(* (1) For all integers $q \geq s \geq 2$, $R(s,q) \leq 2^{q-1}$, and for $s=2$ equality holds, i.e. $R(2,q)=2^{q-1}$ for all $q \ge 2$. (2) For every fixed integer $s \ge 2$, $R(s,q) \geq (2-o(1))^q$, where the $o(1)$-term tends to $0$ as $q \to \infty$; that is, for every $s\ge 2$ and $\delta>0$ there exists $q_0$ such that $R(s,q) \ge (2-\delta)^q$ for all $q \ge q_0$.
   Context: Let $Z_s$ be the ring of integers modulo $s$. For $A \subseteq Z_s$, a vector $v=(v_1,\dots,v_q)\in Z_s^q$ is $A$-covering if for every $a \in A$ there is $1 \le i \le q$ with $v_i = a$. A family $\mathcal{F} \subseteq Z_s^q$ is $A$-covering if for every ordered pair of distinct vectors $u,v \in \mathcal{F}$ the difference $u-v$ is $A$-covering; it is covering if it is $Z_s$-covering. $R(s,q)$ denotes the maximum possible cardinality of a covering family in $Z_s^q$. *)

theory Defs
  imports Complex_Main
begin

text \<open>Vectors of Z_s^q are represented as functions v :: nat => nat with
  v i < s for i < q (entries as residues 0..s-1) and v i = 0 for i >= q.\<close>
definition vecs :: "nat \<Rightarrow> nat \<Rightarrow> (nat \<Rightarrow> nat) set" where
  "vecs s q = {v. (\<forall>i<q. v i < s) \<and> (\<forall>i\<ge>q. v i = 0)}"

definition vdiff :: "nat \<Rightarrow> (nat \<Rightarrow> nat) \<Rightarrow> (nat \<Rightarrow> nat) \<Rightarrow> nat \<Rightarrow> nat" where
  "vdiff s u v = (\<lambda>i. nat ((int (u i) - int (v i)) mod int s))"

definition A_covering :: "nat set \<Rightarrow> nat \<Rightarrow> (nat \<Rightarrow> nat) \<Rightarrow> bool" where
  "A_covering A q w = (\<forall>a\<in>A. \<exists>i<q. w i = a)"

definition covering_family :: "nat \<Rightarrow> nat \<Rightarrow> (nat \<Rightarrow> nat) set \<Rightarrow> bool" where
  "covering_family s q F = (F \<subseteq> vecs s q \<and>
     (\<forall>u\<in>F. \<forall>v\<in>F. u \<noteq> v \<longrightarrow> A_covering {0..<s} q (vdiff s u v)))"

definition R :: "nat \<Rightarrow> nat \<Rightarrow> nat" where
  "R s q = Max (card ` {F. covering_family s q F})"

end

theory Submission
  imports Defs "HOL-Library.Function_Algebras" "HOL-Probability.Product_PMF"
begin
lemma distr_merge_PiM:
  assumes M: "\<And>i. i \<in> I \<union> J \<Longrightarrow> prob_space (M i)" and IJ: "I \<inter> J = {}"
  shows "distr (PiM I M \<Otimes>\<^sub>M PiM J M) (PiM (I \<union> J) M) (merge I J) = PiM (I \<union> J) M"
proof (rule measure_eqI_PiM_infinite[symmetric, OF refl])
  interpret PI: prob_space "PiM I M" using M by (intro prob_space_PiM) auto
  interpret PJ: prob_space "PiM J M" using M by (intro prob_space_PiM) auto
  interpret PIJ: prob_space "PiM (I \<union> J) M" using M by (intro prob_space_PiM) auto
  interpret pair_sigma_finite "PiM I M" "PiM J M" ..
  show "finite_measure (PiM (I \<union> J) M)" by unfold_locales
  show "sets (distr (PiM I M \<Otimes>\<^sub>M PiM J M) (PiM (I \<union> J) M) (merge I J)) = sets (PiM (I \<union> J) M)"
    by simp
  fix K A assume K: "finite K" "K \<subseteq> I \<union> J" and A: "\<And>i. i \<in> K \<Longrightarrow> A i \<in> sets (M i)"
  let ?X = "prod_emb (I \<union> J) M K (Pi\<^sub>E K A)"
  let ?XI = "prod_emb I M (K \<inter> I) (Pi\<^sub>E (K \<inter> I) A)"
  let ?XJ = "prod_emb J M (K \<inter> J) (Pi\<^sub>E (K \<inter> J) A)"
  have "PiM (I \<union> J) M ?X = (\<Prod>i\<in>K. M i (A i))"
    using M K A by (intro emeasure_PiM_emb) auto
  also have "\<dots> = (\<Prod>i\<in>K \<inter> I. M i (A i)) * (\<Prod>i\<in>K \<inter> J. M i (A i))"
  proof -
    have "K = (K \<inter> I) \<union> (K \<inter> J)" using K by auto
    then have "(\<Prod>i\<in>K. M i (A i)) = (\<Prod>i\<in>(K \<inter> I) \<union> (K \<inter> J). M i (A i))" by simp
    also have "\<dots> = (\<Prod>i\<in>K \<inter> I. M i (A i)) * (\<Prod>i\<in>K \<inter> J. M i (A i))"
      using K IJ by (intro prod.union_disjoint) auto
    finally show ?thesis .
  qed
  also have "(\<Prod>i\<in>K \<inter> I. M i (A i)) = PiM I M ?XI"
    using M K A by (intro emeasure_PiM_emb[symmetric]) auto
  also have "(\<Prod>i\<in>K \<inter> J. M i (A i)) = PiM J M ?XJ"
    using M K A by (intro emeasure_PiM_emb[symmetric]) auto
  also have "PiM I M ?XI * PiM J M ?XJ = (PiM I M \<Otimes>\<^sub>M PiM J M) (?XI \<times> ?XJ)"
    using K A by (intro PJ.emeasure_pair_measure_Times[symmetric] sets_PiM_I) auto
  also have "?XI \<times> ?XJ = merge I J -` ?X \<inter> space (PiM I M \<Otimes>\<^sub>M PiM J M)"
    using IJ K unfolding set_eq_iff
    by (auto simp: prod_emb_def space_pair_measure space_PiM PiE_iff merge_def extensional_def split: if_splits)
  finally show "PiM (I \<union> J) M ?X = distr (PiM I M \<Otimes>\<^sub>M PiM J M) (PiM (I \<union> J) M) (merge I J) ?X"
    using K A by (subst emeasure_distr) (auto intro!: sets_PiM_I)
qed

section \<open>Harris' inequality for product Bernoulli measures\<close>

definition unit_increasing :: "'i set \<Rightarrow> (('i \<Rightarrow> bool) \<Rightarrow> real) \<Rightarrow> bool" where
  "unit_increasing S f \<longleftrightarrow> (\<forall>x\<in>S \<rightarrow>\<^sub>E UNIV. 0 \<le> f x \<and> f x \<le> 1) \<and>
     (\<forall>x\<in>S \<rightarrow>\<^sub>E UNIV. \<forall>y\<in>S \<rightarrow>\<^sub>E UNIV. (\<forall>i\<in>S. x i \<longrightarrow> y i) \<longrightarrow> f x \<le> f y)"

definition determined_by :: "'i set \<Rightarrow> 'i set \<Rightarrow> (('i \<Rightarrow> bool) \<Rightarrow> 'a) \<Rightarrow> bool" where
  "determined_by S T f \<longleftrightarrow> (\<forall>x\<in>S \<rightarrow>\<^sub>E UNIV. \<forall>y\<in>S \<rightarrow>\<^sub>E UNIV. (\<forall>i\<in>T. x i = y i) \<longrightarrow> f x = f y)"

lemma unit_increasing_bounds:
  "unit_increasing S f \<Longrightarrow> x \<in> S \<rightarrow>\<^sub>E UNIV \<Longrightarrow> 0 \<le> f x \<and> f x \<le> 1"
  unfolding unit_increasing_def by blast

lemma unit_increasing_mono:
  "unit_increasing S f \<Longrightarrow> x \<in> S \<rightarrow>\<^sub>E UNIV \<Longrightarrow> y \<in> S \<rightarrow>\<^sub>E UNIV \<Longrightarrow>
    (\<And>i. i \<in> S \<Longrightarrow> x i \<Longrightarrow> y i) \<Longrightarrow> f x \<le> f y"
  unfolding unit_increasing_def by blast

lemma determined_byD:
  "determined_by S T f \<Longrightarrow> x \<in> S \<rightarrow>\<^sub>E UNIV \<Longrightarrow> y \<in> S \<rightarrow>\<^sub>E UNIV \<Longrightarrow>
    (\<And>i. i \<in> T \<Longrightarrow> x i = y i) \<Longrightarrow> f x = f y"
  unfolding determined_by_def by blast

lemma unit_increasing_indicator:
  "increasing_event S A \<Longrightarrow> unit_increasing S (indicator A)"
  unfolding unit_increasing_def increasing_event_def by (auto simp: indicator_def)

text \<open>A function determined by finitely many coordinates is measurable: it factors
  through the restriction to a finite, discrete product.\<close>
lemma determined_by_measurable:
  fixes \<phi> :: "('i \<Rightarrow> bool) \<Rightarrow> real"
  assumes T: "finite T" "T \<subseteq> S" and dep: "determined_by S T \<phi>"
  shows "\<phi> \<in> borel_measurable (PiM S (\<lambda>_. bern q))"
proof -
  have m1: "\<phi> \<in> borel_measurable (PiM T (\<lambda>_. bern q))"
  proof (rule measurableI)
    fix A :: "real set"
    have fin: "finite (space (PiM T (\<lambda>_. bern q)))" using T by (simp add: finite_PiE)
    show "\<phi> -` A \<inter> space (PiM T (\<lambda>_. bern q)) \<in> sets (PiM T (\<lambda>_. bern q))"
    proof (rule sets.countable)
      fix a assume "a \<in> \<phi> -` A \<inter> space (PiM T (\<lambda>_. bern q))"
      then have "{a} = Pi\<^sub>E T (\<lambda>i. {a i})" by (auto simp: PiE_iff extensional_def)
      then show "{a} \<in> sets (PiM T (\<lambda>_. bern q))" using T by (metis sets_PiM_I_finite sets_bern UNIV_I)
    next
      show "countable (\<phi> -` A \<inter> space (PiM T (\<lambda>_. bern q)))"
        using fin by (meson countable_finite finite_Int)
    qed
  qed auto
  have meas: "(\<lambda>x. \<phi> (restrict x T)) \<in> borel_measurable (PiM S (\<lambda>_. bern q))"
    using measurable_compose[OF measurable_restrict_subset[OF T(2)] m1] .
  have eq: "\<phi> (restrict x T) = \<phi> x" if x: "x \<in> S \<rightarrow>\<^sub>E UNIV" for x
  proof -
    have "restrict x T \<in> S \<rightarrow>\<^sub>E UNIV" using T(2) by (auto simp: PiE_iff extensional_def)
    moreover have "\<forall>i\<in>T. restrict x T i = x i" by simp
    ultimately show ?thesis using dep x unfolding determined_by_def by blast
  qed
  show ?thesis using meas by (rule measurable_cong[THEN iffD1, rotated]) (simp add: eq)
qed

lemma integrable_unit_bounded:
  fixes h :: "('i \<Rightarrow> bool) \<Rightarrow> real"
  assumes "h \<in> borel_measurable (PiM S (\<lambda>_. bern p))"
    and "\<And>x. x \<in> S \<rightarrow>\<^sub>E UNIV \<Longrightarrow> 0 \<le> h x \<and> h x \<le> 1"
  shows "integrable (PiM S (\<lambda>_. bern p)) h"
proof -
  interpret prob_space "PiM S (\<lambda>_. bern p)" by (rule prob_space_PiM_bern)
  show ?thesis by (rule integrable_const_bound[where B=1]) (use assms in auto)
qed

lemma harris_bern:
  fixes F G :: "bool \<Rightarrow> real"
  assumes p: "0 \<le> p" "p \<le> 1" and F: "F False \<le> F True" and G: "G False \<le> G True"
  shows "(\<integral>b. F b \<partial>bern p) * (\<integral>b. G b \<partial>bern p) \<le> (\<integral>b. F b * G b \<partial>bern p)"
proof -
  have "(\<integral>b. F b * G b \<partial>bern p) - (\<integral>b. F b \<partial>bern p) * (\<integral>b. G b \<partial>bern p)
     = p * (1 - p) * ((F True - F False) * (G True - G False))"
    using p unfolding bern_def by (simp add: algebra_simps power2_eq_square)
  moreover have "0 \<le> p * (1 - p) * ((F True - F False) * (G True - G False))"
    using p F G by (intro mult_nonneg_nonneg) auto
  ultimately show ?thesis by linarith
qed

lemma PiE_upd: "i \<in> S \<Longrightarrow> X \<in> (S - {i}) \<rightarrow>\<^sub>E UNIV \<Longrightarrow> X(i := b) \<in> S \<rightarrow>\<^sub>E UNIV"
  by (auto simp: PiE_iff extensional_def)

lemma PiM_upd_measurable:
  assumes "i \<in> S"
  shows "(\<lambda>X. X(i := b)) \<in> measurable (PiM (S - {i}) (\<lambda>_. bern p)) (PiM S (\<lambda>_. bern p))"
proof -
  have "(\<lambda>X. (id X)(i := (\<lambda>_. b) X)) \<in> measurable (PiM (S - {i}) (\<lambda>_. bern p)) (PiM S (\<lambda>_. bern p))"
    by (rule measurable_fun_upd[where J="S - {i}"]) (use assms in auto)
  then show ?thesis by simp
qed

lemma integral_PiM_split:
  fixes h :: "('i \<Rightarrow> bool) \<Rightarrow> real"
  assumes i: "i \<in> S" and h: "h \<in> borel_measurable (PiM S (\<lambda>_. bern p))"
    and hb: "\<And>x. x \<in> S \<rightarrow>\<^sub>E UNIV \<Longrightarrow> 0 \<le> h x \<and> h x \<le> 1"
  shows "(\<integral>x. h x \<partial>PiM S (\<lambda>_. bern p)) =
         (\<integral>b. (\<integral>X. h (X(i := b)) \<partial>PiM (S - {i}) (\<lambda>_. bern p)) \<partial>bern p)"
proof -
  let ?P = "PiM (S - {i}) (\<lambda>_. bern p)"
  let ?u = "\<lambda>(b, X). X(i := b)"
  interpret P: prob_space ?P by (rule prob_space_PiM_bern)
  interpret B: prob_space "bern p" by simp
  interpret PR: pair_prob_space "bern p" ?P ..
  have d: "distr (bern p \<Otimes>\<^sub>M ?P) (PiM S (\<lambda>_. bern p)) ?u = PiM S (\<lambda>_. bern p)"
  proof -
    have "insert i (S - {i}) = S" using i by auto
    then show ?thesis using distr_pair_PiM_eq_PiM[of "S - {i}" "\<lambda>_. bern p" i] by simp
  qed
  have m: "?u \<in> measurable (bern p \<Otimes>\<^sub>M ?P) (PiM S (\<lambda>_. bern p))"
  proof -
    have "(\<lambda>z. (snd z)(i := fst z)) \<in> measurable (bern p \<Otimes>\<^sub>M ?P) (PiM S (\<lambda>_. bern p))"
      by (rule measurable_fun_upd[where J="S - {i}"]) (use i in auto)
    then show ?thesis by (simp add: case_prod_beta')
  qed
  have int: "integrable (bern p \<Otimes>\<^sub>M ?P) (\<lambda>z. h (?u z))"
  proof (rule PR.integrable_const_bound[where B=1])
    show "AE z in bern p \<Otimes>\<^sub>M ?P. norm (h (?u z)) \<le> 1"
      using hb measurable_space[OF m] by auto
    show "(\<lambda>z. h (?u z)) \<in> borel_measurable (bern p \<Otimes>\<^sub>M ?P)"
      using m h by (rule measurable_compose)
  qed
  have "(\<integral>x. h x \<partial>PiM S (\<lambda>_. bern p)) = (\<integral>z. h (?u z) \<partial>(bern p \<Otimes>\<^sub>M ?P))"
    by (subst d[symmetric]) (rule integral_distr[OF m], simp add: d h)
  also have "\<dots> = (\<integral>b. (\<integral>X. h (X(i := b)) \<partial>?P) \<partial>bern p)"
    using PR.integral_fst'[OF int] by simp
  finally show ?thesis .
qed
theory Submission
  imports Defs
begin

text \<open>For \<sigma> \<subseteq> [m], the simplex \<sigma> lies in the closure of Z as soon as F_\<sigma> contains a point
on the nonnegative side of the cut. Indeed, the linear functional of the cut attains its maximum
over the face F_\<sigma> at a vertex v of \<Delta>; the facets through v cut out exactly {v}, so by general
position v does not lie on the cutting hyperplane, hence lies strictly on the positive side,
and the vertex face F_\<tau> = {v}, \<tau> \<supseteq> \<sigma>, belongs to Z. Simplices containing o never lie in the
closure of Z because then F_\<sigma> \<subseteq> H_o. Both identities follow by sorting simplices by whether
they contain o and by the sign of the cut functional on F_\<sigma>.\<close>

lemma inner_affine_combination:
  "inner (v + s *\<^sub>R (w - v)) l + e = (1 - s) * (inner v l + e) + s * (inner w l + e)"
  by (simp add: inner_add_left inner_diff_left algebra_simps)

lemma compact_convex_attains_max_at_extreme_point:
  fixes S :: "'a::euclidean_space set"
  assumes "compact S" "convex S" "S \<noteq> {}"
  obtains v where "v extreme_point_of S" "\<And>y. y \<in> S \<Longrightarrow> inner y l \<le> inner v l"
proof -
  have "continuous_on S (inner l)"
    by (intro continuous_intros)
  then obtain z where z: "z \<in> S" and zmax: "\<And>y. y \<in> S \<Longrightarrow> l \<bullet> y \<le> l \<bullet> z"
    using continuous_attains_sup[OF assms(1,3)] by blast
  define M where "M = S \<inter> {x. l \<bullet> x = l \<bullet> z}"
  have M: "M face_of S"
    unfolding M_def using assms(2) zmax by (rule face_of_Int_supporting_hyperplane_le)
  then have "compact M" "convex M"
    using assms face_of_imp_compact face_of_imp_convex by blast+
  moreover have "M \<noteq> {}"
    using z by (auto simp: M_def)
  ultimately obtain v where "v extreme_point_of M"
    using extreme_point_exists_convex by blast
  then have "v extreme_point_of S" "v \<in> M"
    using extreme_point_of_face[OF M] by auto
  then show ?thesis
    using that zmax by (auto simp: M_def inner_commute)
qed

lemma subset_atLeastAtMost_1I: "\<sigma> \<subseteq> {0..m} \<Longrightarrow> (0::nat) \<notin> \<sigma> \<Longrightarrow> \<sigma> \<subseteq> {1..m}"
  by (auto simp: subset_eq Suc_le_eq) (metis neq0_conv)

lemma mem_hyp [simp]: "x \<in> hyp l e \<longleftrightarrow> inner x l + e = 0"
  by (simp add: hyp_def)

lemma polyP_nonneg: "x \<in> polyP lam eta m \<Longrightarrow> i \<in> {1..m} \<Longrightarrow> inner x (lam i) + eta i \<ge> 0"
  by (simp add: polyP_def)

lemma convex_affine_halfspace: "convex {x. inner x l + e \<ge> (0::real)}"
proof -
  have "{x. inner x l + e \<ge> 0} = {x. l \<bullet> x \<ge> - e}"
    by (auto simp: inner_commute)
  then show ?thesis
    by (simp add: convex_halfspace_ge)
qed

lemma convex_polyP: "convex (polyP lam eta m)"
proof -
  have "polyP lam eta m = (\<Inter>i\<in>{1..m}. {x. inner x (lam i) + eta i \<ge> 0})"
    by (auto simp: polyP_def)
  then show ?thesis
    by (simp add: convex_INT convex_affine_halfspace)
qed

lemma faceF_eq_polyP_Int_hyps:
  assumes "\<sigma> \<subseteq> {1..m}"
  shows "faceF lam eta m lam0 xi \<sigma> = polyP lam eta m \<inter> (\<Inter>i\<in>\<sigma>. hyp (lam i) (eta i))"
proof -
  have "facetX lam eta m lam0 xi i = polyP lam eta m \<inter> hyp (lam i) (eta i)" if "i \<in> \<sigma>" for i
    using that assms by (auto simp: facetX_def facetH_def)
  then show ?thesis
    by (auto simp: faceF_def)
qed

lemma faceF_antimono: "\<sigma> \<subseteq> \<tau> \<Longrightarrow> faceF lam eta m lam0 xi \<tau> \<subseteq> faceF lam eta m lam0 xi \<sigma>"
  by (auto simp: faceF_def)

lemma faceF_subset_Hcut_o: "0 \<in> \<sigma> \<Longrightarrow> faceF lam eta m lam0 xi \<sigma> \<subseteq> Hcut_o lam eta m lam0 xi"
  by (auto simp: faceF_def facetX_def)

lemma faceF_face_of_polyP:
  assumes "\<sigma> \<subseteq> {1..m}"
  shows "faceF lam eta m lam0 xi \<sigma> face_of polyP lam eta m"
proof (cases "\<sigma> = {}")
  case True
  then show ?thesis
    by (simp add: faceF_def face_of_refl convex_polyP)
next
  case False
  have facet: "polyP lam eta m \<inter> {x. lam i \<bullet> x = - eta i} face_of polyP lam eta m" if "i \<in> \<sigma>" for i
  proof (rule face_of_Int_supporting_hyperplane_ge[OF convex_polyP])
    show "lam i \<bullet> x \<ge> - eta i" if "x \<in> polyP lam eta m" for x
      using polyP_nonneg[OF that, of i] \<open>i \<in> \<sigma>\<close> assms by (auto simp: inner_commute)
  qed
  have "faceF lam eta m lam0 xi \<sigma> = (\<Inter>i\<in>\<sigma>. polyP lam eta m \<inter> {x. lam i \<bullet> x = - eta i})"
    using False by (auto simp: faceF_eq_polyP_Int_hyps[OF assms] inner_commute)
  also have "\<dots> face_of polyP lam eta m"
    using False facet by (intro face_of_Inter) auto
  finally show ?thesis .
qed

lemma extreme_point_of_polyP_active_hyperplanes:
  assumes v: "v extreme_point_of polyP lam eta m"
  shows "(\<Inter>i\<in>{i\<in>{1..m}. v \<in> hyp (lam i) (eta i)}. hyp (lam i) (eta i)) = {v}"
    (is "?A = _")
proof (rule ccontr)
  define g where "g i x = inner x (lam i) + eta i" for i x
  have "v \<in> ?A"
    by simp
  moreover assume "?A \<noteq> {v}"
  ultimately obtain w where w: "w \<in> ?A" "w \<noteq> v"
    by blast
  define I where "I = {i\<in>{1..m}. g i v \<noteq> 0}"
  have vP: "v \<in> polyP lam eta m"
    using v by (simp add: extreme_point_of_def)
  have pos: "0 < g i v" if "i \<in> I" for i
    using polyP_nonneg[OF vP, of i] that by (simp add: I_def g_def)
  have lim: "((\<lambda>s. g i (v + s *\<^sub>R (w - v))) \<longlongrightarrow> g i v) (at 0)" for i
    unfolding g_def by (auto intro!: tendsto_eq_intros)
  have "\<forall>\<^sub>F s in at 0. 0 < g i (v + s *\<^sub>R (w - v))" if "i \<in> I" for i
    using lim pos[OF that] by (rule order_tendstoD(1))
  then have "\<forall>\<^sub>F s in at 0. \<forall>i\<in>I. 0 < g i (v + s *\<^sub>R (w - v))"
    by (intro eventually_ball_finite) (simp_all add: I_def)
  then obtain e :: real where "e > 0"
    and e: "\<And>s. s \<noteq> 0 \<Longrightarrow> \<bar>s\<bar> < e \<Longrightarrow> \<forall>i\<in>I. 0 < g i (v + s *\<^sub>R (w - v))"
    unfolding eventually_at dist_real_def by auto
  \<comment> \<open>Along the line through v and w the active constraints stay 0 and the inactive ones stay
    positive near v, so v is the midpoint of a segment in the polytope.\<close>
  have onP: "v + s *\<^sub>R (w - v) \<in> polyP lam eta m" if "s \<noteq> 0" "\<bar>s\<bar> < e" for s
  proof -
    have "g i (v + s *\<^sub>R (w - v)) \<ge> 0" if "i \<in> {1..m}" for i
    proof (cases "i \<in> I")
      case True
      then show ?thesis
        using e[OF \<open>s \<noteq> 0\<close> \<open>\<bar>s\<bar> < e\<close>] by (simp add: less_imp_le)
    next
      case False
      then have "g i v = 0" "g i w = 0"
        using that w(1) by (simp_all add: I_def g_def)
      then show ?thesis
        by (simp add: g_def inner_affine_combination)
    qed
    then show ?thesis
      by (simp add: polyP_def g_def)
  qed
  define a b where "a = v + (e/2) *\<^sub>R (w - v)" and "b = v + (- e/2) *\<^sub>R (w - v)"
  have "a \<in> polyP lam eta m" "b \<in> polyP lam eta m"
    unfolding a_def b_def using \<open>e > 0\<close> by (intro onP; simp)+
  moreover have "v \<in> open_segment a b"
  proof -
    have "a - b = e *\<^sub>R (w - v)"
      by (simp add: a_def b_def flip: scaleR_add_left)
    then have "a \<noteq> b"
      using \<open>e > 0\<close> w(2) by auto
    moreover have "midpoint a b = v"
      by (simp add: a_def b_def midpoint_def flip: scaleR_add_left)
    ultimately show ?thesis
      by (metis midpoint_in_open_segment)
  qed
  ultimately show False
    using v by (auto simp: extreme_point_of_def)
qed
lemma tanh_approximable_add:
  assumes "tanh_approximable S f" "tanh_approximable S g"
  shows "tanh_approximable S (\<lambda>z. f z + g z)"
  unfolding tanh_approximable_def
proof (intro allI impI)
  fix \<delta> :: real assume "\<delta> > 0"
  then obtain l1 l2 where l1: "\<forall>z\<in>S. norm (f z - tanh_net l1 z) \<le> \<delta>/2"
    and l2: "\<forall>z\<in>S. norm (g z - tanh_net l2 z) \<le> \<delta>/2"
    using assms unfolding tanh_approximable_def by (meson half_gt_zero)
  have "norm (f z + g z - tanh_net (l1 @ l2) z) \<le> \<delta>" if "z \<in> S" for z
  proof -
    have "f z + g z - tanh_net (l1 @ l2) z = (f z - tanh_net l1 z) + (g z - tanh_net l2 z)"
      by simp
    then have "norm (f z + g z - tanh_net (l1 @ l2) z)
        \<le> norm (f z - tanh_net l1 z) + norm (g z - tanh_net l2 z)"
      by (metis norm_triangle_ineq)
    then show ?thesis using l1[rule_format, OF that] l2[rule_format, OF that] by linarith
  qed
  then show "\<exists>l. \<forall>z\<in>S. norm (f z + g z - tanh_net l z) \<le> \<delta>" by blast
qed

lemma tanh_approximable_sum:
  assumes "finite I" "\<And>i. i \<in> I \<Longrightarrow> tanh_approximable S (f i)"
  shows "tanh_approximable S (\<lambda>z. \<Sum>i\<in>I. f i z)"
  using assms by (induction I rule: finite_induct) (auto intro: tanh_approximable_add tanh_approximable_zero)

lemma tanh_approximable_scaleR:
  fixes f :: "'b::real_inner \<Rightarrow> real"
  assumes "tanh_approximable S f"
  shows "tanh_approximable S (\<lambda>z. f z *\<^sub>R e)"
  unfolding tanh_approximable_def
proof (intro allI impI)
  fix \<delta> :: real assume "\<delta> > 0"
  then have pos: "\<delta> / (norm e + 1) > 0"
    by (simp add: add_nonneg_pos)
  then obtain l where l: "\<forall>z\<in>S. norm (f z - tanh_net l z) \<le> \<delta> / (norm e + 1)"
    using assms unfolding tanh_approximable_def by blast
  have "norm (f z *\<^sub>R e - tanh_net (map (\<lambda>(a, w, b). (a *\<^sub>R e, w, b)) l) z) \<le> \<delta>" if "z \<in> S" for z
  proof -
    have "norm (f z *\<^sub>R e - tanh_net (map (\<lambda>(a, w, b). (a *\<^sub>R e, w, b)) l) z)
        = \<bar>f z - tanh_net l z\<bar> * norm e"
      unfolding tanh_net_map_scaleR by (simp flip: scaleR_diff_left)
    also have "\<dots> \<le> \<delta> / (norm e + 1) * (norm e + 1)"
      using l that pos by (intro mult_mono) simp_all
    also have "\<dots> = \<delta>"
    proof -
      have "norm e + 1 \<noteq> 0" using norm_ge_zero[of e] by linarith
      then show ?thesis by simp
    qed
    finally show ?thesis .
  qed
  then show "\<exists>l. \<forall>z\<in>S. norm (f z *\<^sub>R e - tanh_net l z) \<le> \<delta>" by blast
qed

◇ ◇ ◇

What the task requires: From the records above, pull out each line that has "symmetric".

Answer box:
proof (rule measure_eqI_PiM_infinite[symmetric, OF refl])
    using M K A by (intro emeasure_PiM_emb[symmetric]) auto
    using M K A by (intro emeasure_PiM_emb[symmetric]) auto
    using K A by (intro PJ.emeasure_pair_measure_Times[symmetric] sets_PiM_I) auto
    by (subst d[symmetric]) (rule integral_distr[OF m], simp add: d h)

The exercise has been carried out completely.